Q: What are the next steps for the company?
A: Growers are asking for more tools and services to better manage their operations. To meet this need, we are developing a cloud-based digital platform that connects multiple points in the ag value chain, including data, analytics, people, and businesses.

Q: Why is it an exciting time to be in this space/industry?
A: Technology and innovation are going to change agriculture. In the history of ag, pivotal moments span centuries, from animal domestication to plant hybridization and gene-splicing, to the more recent proliferation of farm machinery equipped with GPS.

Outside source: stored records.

(* Let $a_1<a_2$ be positive integers and let $g=\gcd(a_1,a_2)$. For generic $(c_1,c_2)\in\mathbb{C}^2$, the number of common solutions $(x_1,x_2)\in\mathbb{C}^2$ of the equations $x_1^{a_1}+x_2^{a_1}=c_1$ and $x_1^{a_2}+x_2^{a_2}=c_2$ equals $a_1(a_2-g)$ if both $a_1/g$ and $a_2/g$ are odd, and equals $a_1a_2$ otherwise. *)

theory Defs
  imports Complex_Main "HOL-Computational_Algebra.Polynomial"
begin

(* A bivariate complex polynomial is represented as a polynomial with polynomial
   coefficients, Q :: complex poly poly; its value at (c1,c2) is obtained by
   evaluating the outer variable at c2 and the inner variable at c1. *)
definition eval2 :: "complex poly poly \<Rightarrow> complex \<Rightarrow> complex \<Rightarrow> complex" where
  "eval2 Q c1 c2 = poly (poly Q [:c2:]) c1"

(* A property holds for generic (c1,c2) in C^2 iff it holds on a nonempty
   Zariski-open set, i.e. outside the zero locus of some nonzero polynomial. *)
definition generic2 :: "(complex \<Rightarrow> complex \<Rightarrow> bool) \<Rightarrow> bool" where
  "generic2 P \<longleftrightarrow> (\<exists>Q :: complex poly poly. Q \<noteq> 0 \<and>
      (\<forall>c1 c2. eval2 Q c1 c2 \<noteq> 0 \<longrightarrow> P c1 c2))"

end

theory Submission
  imports Defs "HOL-Computational_Algebra.Fundamental_Theorem_Algebra"
begin
text \<open>The action of z is itself a central operator of degree m, so its kernel and its image
are \<tau>-submodules of V.  By irreducibility and z \<noteq> 0 the kernel is 0 and the image is V
(Schur's argument), so z is a linear bijection, and its inverse again commutes with the action
and shifts degrees by -m.\<close>

context
  fixes s :: "complex \<Rightarrow> 'g \<Rightarrow> 'g::ab_group_add"
    and br :: "'g \<Rightarrow> 'g \<Rightarrow> 'g"
    and B :: "'g \<Rightarrow> 'g \<Rightarrow> complex"
    and sV :: "complex \<Rightarrow> 'v \<Rightarrow> 'v::ab_group_add"
    and agX :: "'g \<Rightarrow> ('n::finite \<Rightarrow> int) \<Rightarrow> 'v \<Rightarrow> 'v"
    and aK :: "('n \<Rightarrow> int) \<Rightarrow> 'n \<Rightarrow> 'v \<Rightarrow> 'v"
    and ad :: "'n \<Rightarrow> 'v \<Rightarrow> 'v"
  assumes tau: "tau_module s br B sV agX aK ad"
begin

interpretation V: vector_space_pair sV sV
  using tau by (simp add: tau_module_def vector_space_pair_def)

lemma tau_module_linear_agX: "Vector_Spaces.linear sV sV (agX X r)"
  and tau_module_linear_aK: "Vector_Spaces.linear sV sV (aK m i)"
  and tau_module_linear_ad: "Vector_Spaces.linear sV sV (ad i)"
  and tau_module_agX_aK_commute: "agX X r (aK m i v) = aK m i (agX X r v)"
  and tau_module_aK_commute: "aK m i (aK m' j v) = aK m' j (aK m i v)"
  and tau_module_ad_aK: "ad i (aK m j v) = aK m j (ad i v) + sV (of_int (m i)) (aK m j v)"
  using tau unfolding tau_module_def by (simp_all add: diff_eq_eq add.commute)

lemma central_operator_z_action: "central_operator sV agX aK ad m (z_action sV aK m c)"
proof -
  have lin: "Vector_Spaces.linear sV sV (z_action sV aK m c)"
    unfolding z_action_def
    by (intro V.linear_compose_sum ballI V.linear_compose_scale_right tau_module_linear_aK)
  have "ad i (z_action sV aK m c v)
          = z_action sV aK m c (ad i v) + sV (of_int (m i)) (z_action sV aK m c v)" for i v
    by (simp add: z_action_def V.linear_sum[OF tau_module_linear_ad]
        V.linear_scale[OF tau_module_linear_ad] tau_module_ad_aK V.vs1.scale_right_distrib
        sum.distrib V.vs1.scale_sum_right mult.commute)
  then show ?thesis
    unfolding central_operator_def
    by (simp add: lin z_action_def V.linear_sum V.linear_scale tau_module_linear_agX
        tau_module_linear_aK tau_module_agX_aK_commute tau_module_aK_commute)
qed

context
  fixes m :: "'n \<Rightarrow> int" and T :: "'v \<Rightarrow> 'v"
  assumes T: "central_operator sV agX aK ad m T"
begin

lemma central_operator_linear: "Vector_Spaces.linear sV sV T"
  and central_operator_agX: "T (agX X r v) = agX X r (T v)"
  and central_operator_aK: "T (aK m' j v) = aK m' j (T v)"
  and central_operator_ad: "ad i (T v) = T (ad i v) + sV (of_int (m i)) (T v)"
  using T unfolding central_operator_def by (simp_all add: diff_eq_eq add.commute)

lemma tau_invariant_central_operator_kernel: "tau_invariant agX aK ad {v. T v = 0}"
proof -
  have "T (ad i v) = 0" if "T v = 0" for i v
    using central_operator_ad[of i v] that by (simp add: V.linear_0[OF tau_module_linear_ad])
  then show ?thesis
    unfolding tau_invariant_def
    by (simp add: central_operator_agX central_operator_aK V.linear_0 tau_module_linear_agX
        tau_module_linear_aK)
qed

lemma tau_invariant_central_operator_range: "tau_invariant agX aK ad (range T)"
proof -
  have "ad i (T w) = T (ad i w + sV (of_int (m i)) w)" for i w
    by (simp add: central_operator_ad V.linear_add[OF central_operator_linear]
        V.linear_scale[OF central_operator_linear])
  then show ?thesis
    unfolding tau_invariant_def
    by (auto simp: central_operator_agX[symmetric] central_operator_aK[symmetric])
qed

The maturity, affordability, and ubiquity of technological advances on the farm, trends in commodity prices, the changing demographics of farmers worldwide, and the competitive disruptions to conventional agribusiness strategies increase the propensity for the next agricultural revolution. I wouldn’t want to miss it. In fact, I want to shape it.

Q: What do you enjoy doing outside of work?
A: I have a wide range of interests, from listening to music and reading to hiking and training dogs. I also enjoy mentoring future generations of community leaders and encouraging them to explore their values, define their purpose, and pursue careers that connect them with challenging societal problems. My husband and I restore and build wood furniture together, and I also like to garden and play with my 9-year old daughter.